All Our Wrong Todays(21)



The gist of what he said is he wished I was never born.

That everything would’ve been better if I didn’t exist. Listless, aimless, useless, my life had no value. Worse, I’d ruined the lives of my betters. Namely, him and to a much lesser extent Penelope. That my mother was lucky she died before the true immensity of my failure was revealed.

All of a sudden it sunk in—my father thought that what I did with Penelope was all about him. An act of patricidal aggression. Penelope Weschler was his anointed one, our mission leader, the chrononaut to whom all others were compared and found wanting, and the night before the experiment that’s supposed to cement his scientific legacy not only do I have sex with her but I get her pregnant. Like I was claiming her.

To be honest, I’d never considered that there might be a thorny root of vengeance burrowed deep inside my longing and desire. No, that was too messed up even for me. So I was totally goddamn outraged. Like, of course my arrogant, egocentric, cheerless father would try to take this from me and make it his. Maybe we find the most offense in the truths we can’t admit.

I decided it was time to ask the fundamental question of my life.

“Why did you even have me?”

“Because I had work to do,” my father said, “and your mother was lonely.”

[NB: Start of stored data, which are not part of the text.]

(* Fix $\theta_{01}\in\mathbb{R}$ and positive integers $J,L$. A structural parameter consists of $\sigma_{U^*}^2\ge0$; for $j=1,\dots,J$: weights $p_{V^*,j}>0$ with $\sum_j p_{V^*,j}=1$, means $\mu_{V^*,j}$ with $\sum_j p_{V^*,j}\mu_{V^*,j}=0$, and $\sigma_{V^*,j}^2\ge0$, $\sigma_{U^*V^*,j}$ with $\sigma_{U^*V^*,j}^2\le\sigma_{U^*}^2\sigma_{V^*,j}^2$; for $\ell=1,\dots,L$: weights $p_{\varepsilon,\ell}>0$ with $\sum_\ell p_{\varepsilon,\ell}=1$, means $\mu_{\varepsilon,\ell}$ with $\sum_\ell p_{\varepsilon,\ell}\mu_{\varepsilon,\ell}=0$, and $\sigma_{\varepsilon,\ell}^2\ge 0$. Such a parameter induces the distribution of $(U,V)$ equal to the mixture, with weights $p_{V^*,j}p_{\varepsilon,\ell}$, of bivariate normals with means $(-\theta_{01}\mu_{\varepsilon,\ell},\ \mu_{V^*,j}+\mu_{\varepsilon,\ell})'$ and covariance matrices $\Sigma_{UV,j\ell}$ with entries $$\sigma_{U,j\ell}^2=\sigma_{U^*}^2+\theta_{01}^2\sigma_{\varepsilon,\ell}^2,\quad \sigma_{V,j\ell}^2=\sigma_{V^*,j}^2+\sigma_{\varepsilon,\ell}^2,\quad \sigma_{UV,j\ell}=\sigma_{U^*V^*,j}-\theta_{01}\sigma_{\varepsilon,\ell}^2 .$$ Fix a true structural parameter whose induced matrices $\Sigma_{UV,j\ell}$ are all positive definite, and for each $(j,\ell)$ let $\mathcal{I}_{j\ell}=[\underline{\sigma}_{U^*,j\ell}^2,\sigma_{U,j\ell}^2]$ with $$\underline{\sigma}_{U^*,j\ell}^2=\max\left\{\frac{(\theta_{01}\sigma_{UV,j\ell}+\sigma_{U,j\ell}^2)^2}{\sigma_{V,j\ell}^2\theta_{01}^2+2\sigma_{UV,j\ell}\theta_{01}+\sigma_{U,j\ell}^2},\ \sigma_{U,j\ell}^2-\theta_{01}^2\sigma_{V,j\ell}^2\right\},$$ and $\mathcal{I}=\bigcap_{j,\ell}\mathcal{I}_{j\ell}=[\max_{j,\ell}\underline{\sigma}_{U^*,j\ell}^2,\ \min_{j,\ell}\sigma_{U,j\ell}^2]$. Then $\mathcal{I}$ is the sharp identified set for $\sigma_{U^*}^2$: (i) the value of $\sigma_{U^*}^2$ in any structural parameter (with any numbers of components) inducing the same distribution of $(U,V)$ as the true one lies in $\mathcal{I}$; and (ii) for every $\sigma_{U^*}^2\in\mathcal{I}$ there exists a structural parameter with this value of $\sigma_{U^*}^2$ (and the same $J$, $L$, weights and means as the true one) that induces the same distribution of $(U,V)$ as the true structural parameter. *)

theory Defs
  imports "HOL-Probability.Probability"
begin

text \<open>Structural parameter. Components j = 1..J are represented by indices 0..J-1,
  components l = 1..L by indices 0..L-1; values at other indices are irrelevant.\<close>
record sparam =
  sU2  :: real
  pV   :: "nat \<Rightarrow> real"
  muV  :: "nat \<Rightarrow> real"
  sV2  :: "nat \<Rightarrow> real"
  sUV  :: "nat \<Rightarrow> real"
  pe   :: "nat \<Rightarrow> real"
  mue  :: "nat \<Rightarrow> real"
  se2  :: "nat \<Rightarrow> real"

definition valid_param :: "nat \<Rightarrow> nat \<Rightarrow> sparam \<Rightarrow> bool" where
  "valid_param J L P \<longleftrightarrow> 0 < J \<and> 0 < L \<and> sU2 P \<ge> 0 \<and>
     (\<forall>j<J. pV P j > 0 \<and> sV2 P j \<ge> 0 \<and> (sUV P j)\<^sup>2 \<le> sU2 P * sV2 P j) \<and>
     (\<Sum>j<J. pV P j) = 1 \<and> (\<Sum>j<J. pV P j * muV P j) = 0 \<and>
     (\<forall>l<L. pe P l > 0 \<and> se2 P l \<ge> 0) \<and>
     (\<Sum>l<L. pe P l) = 1 \<and> (\<Sum>l<L. pe P l * mue P l) = 0"

definition sigU2 :: "real \<Rightarrow> sparam \<Rightarrow> nat \<Rightarrow> nat \<Rightarrow> real" where
  "sigU2 \<theta> P j l = sU2 P + \<theta>\<^sup>2 * se2 P l"
definition sigV2 :: "real \<Rightarrow> sparam \<Rightarrow> nat \<Rightarrow> nat \<Rightarrow> real" where
  "sigV2 \<theta> P j l = sV2 P j + se2 P l"
definition sigUV :: "real \<Rightarrow> sparam \<Rightarrow> nat \<Rightarrow> nat \<Rightarrow> real" where
  "sigUV \<theta> P j l = sUV P j - \<theta> * se2 P l"

definition pos_def2 :: "real \<Rightarrow> real \<Rightarrow> real \<Rightarrow> bool" where
  "pos_def2 a b c \<longleftrightarrow> (\<forall>x y. (x, y) \<noteq> (0, 0) \<longrightarrow> a * x\<^sup>2 + 2 * b * x * y + c * y\<^sup>2 > 0)"

text \<open>Bivariate normal distribution N((m1,m2), [[s11,s12],[s12,s22]]) for a positive
  semidefinite covariance matrix, realised as the law of m + A Z with Z a pair of
  independent standard normals and A the (lower triangular) Cholesky factor.\<close>
definition std_normal2 :: "(real \<times> real) measure" where
  "std_normal2 = density lborel std_normal_density \<Otimes>\<^sub>M density lborel std_normal_density"

definition bvn :: "real \<Rightarrow> real \<Rightarrow> real \<Rightarrow> real \<Rightarrow> real \<Rightarrow> (real \<times> real) measure" where
  "bvn m1 m2 s11 s12 s22 =
     (let a = sqrt s11; b = (if a = 0 then 0 else s12 / a); c = sqrt (s22 - b\<^sup>2)
      in distr std_normal2 borel (\<lambda>(z1, z2). (m1 + a * z1, m2 + b * z1 + c * z2)))"

definition induced_prob :: "real \<Rightarrow> nat \<Rightarrow> nat \<Rightarrow> sparam \<Rightarrow> (real \<times> real) set \<Rightarrow> real" where
  "induced_prob \<theta> J L P A =
     (\<Sum>j<J. \<Sum>l<L. pV P j * pe P l *
        measure (bvn (- \<theta> * mue P l) (muV P j + mue P l)
                     (sigU2 \<theta> P j l) (sigUV \<theta> P j l) (sigV2 \<theta> P j l)) A)"

definition same_dist :: "real \<Rightarrow> nat \<Rightarrow> nat \<Rightarrow> sparam \<Rightarrow> nat \<Rightarrow> nat \<Rightarrow> sparam \<Rightarrow> bool" where
  "same_dist \<theta> J L P J' L' P' \<longleftrightarrow>
     (\<forall>A \<in> sets (borel :: (real \<times> real) measure). induced_prob \<theta> J L P A = induced_prob \<theta> J' L' P' A)"

definition lowU :: "real \<Rightarrow> sparam \<Rightarrow> nat \<Rightarrow> nat \<Rightarrow> real" where
  "lowU \<theta> P j l = max
     ((\<theta> * sigUV \<theta> P j l + sigU2 \<theta> P j l)\<^sup>2 /
        (sigV2 \<theta> P j l * \<theta>\<^sup>2 + 2 * sigUV \<theta> P j l * \<theta> + sigU2 \<theta> P j l))
     (sigU2 \<theta> P j l - \<theta>\<^sup>2 * sigV2 \<theta> P j l)"

definition ident_set :: "real \<Rightarrow> nat \<Rightarrow> nat \<Rightarrow> sparam \<Rightarrow> real set" where
  "ident_set \<theta> J L P = (\<Inter>j\<in>{..<J}. \<Inter>l\<in>{..<L}. {lowU \<theta> P j l .. sigU2 \<theta> P j l})"

end

theory Submission
  imports Defs "HOL-Computational_Algebra.Polynomial"
begin

text \<open>The law of (U, V) is a finite mixture of bivariate normals. Along each line (x, x y)
  its Laplace transform is a finite sum of terms w exp (x m + x^2 q(y) / 2), and such
  exponentials are linearly independent; choosing y so that the variances q(y) of U + y V
  separate the finitely many covariance matrices, every parameter inducing the same law must
  reproduce each true matrix \<Sigma>_UV,jl. Each of these matrices bounds sigma_U*^2: from above
  since sigma_U,jl^2 = sigma_U*^2 + \<theta>^2 sigma_\<epsilon>,l^2, and from below because
  U + \<theta> V = U* + \<theta> V* does not involve \<epsilon>, so Cauchy-Schwarz for (U*, U* + \<theta> V*) and
  sigma_V*,j^2 \<ge> 0 become conditions on \<Sigma>_UV,jl alone. Conversely, moving variance between U*
  and \<epsilon> leaves every \<Sigma>_UV,jl unchanged, and the constraints on the resulting parameter are
  exactly membership in the interval.\<close>

section \<open>Laplace transform of the bivariate normal law\<close>

lemma prob_space_std_normal2: "prob_space std_normal2"
  unfolding std_normal2_def
  by (intro prob_space_pair prob_space_normal_density) simp_all

lemma sets_std_normal2 [measurable_cong]: "sets std_normal2 = sets (borel :: (real \<times> real) measure)"
proof -
  have "sets std_normal2 = sets ((borel::real measure) \<Otimes>\<^sub>M (borel::real measure))"
    unfolding std_normal2_def by (rule sets_pair_measure_cong) simp_all
  then show ?thesis by (simp only: borel_prod)
qed

lemma measurable_affine_map:
  "(\<lambda>(z1::real, z2::real). (m1 + a * z1, m2 + b * z1 + c * z2)) \<in> std_normal2 \<rightarrow>\<^sub>M borel"
  unfolding measurable_cong_sets[OF sets_std_normal2 refl] case_prod_unfold
  by (intro borel_measurable_continuous_onI continuous_intros)

lemma prob_space_bvn: "prob_space (bvn m1 m2 s11 s12 s22)"
  unfolding bvn_def Let_def
  by (intro prob_space.prob_space_distr prob_space_std_normal2 measurable_affine_map)

lemma sets_bvn [simp, measurable_cong]: "sets (bvn m1 m2 s11 s12 s22) = sets borel"
  unfolding bvn_def Let_def by simp

lemma nn_integral_exp_std_normal:
  "(\<integral>\<^sup>+z. ennreal (exp (a * z)) \<partial>density lborel std_normal_density) = ennreal (exp (a\<^sup>2 / 2))"
proof -
  have shift: "std_normal_density z * exp (a * z) = normal_density a 1 z * exp (a\<^sup>2 / 2)" for z
  proof -
    have "- z\<^sup>2 / 2 + a * z = - (z - a)\<^sup>2 / 2 + a\<^sup>2 / 2" by (simp add: power2_eq_square field_simps)
    then show ?thesis
      unfolding std_normal_density_def normal_density_def by (simp add: exp_add[symmetric])
  qed
  have "(\<integral>\<^sup>+z. ennreal (exp (a * z)) \<partial>density lborel std_normal_density)
      = (\<integral>\<^sup>+z. ennreal (normal_density a 1 z) * ennreal (exp (a\<^sup>2 / 2)) \<partial>lborel)"
    by (subst nn_integral_density) (simp_all add: ennreal_mult[symmetric] shift)
  also have "\<dots> = ennreal (exp (a\<^sup>2 / 2))"
    by (subst nn_integral_multc) (simp_all add: nn_integral_eq_integral)
  finally show ?thesis .
qed

lemma nn_integral_exp_std_normal2:
  "(\<integral>\<^sup>+z. ennreal (exp (a * fst z + b * snd z)) \<partial>std_normal2) = ennreal (exp (a\<^sup>2 / 2 + b\<^sup>2 / 2))"
proof -
  let ?N = "density lborel std_normal_density"
  interpret N: prob_space ?N by (intro prob_space_normal_density) simp
  interpret NN: pair_sigma_finite ?N ?N by unfold_locales
  have "(\<integral>\<^sup>+z. ennreal (exp (a * fst z + b * snd z)) \<partial>std_normal2)
      = (\<integral>\<^sup>+x. \<integral>\<^sup>+y. ennreal (exp (a * x)) * ennreal (exp (b * y)) \<partial>?N \<partial>?N)"
    unfolding std_normal2_def
    by (subst N.nn_integral_fst[symmetric]) (simp_all add: ennreal_mult[symmetric] exp_add)
  also have "\<dots> = ennreal (exp (a\<^sup>2 / 2)) * ennreal (exp (b\<^sup>2 / 2))"
    by (simp add: nn_integral_cmult nn_integral_multc nn_integral_exp_std_normal)
  finally show ?thesis by (simp add: ennreal_mult[symmetric] exp_add)
qed

lemma cholesky_factor:
  fixes s11 s12 s22 :: real
  assumes "0 \<le> s11" "0 \<le> s22" "s12\<^sup>2 \<le> s11 * s22"
  defines "a \<equiv> sqrt s11"
  defines "b \<equiv> (if a = 0 then 0 else s12 / a)"
  shows "a\<^sup>2 = s11" "a * b = s12" "b\<^sup>2 \<le> s22"
proof -
  show "a\<^sup>2 = s11" using assms(1) by (simp add: a_def)
  show "a * b = s12"
    using assms(1,3) by (cases "a = 0") (simp_all add: a_def b_def)
  show "b\<^sup>2 \<le> s22"
  proof (cases "a = 0")
    case False
    then have "s11 > 0" using assms(1) by (simp add: a_def)
    then show ?thesis
      using False assms(1,3) by (simp add: b_def a_def power_divide divide_le_eq mult.commute)
  qed (use assms(2) in \<open>simp add: b_def\<close>)
qed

Today was supposed to be a day unique in human history. And it was. It was the day my father was finally honest with me.

Listening to him rant, while the woman I loved sat there calculating how to turn this to her advantage, I felt like I was time traveling, back to every moment in my life when my father could’ve gotten angry at me, could’ve gotten anything at me. It was a glimpse at what it might have been like if I’d grown up with this father, the honest one, instead of the liar, the genius, the ghost.

The time I ran away from home for nineteen days, this is what I wanted. Instead, my mother made me a grilled cheese sandwich and refused to discuss any of it. My father wandered into the kitchen and, without even acknowledging I was back, picked up the sandwich, assuming it was for him, and trotted back to his study to eat it behind the heavy closed door. My mother cried and I held her and apologized over and over.

Eventually my father’s venom tapered off and Penelope tried to steer the conversation back to how crucial she could still be to the mission.

“You slept with my son,” my father said. “You’ll never be part of this or any other mission. Everyone will know what you did. It’s over for you.”

“This mission means everything to me,” Penelope said. “Please, Dr. Barren . . .”

“By all means, call me Victor,” he said. “Since you don’t work for me anymore.”

I don’t know if he was trying to hurt her or it was just that the outer halo of his anger for me was corrosive to all who ventured near, but something inside her switched off. She went numb, her face pale and loose, eyes glassy, opaque. She understood.

My father told her to submit a final report while he informed his investors that, due to an unfortunate personnel issue, the experiment was postponed until further notice.

He was really doing it. He was canceling the first mission back in time. The best day of my life followed by the worst day of my life. Everyone would know. Everyone would know about this forever.

Penelope left without another word. I stood to go too, but he said he wasn’t done with me yet. He wasn’t even mad anymore, like his last jab at Penelope expelled the poison and he could go back to being detached and superior. My father droned on, cataloguing the many cascading disappointments I’d subjected him to over the years—my unimpressive academic record, lack of personal interests, listless career track, inability to foster a single socially, culturally, or even politically meaningful relationship—and, honestly, I was surprised he remembered any of that stuff since he rarely even acknowledged I was in the same room with him.

And that’s when I realized something that made me just about explode.

Penelope wasn’t going to file a report. She had nothing left to say. She was going somewhere else and she was going there right now.





33


For all my father’s genius, he had no clue why I lunged for the door. He hadn’t figured out what Penelope was about to do.

I raced down the hall, twisting my ankle as I took a corner too fast, bounced off a wall hard enough to leave a bruise, and skittered down the stairs, my foot flaring hot with pain. I knew I was right because I heard that familiar basso profundo hum as soon as the door seal cracked open to the high-ceilinged room that housed the defusion spheres.

One of the spheres was active.

I was rooted to the floor, my mind as blank as it’s ever been. Maybe this was what Penelope felt like when she went to space. I heard people skid into the room behind me, technicians yelling at each other about how the security protocols were overridden. The alarms blared just like the day Penelope and I first saw each other naked. But that was the beginning of something and this was the end.

Penelope came out of the defusion sphere. Except the entry hatch was still closed. She walked right through it. Which is supposed to be impossible because the defusion sphere is constructed from a high-density compound that suppresses immateriality. Or at least it does within safe dosage parameters. Nobody’s ever seen what happens at unsafe dosage.

Which is why everybody went silent when she stepped out. Stepped through.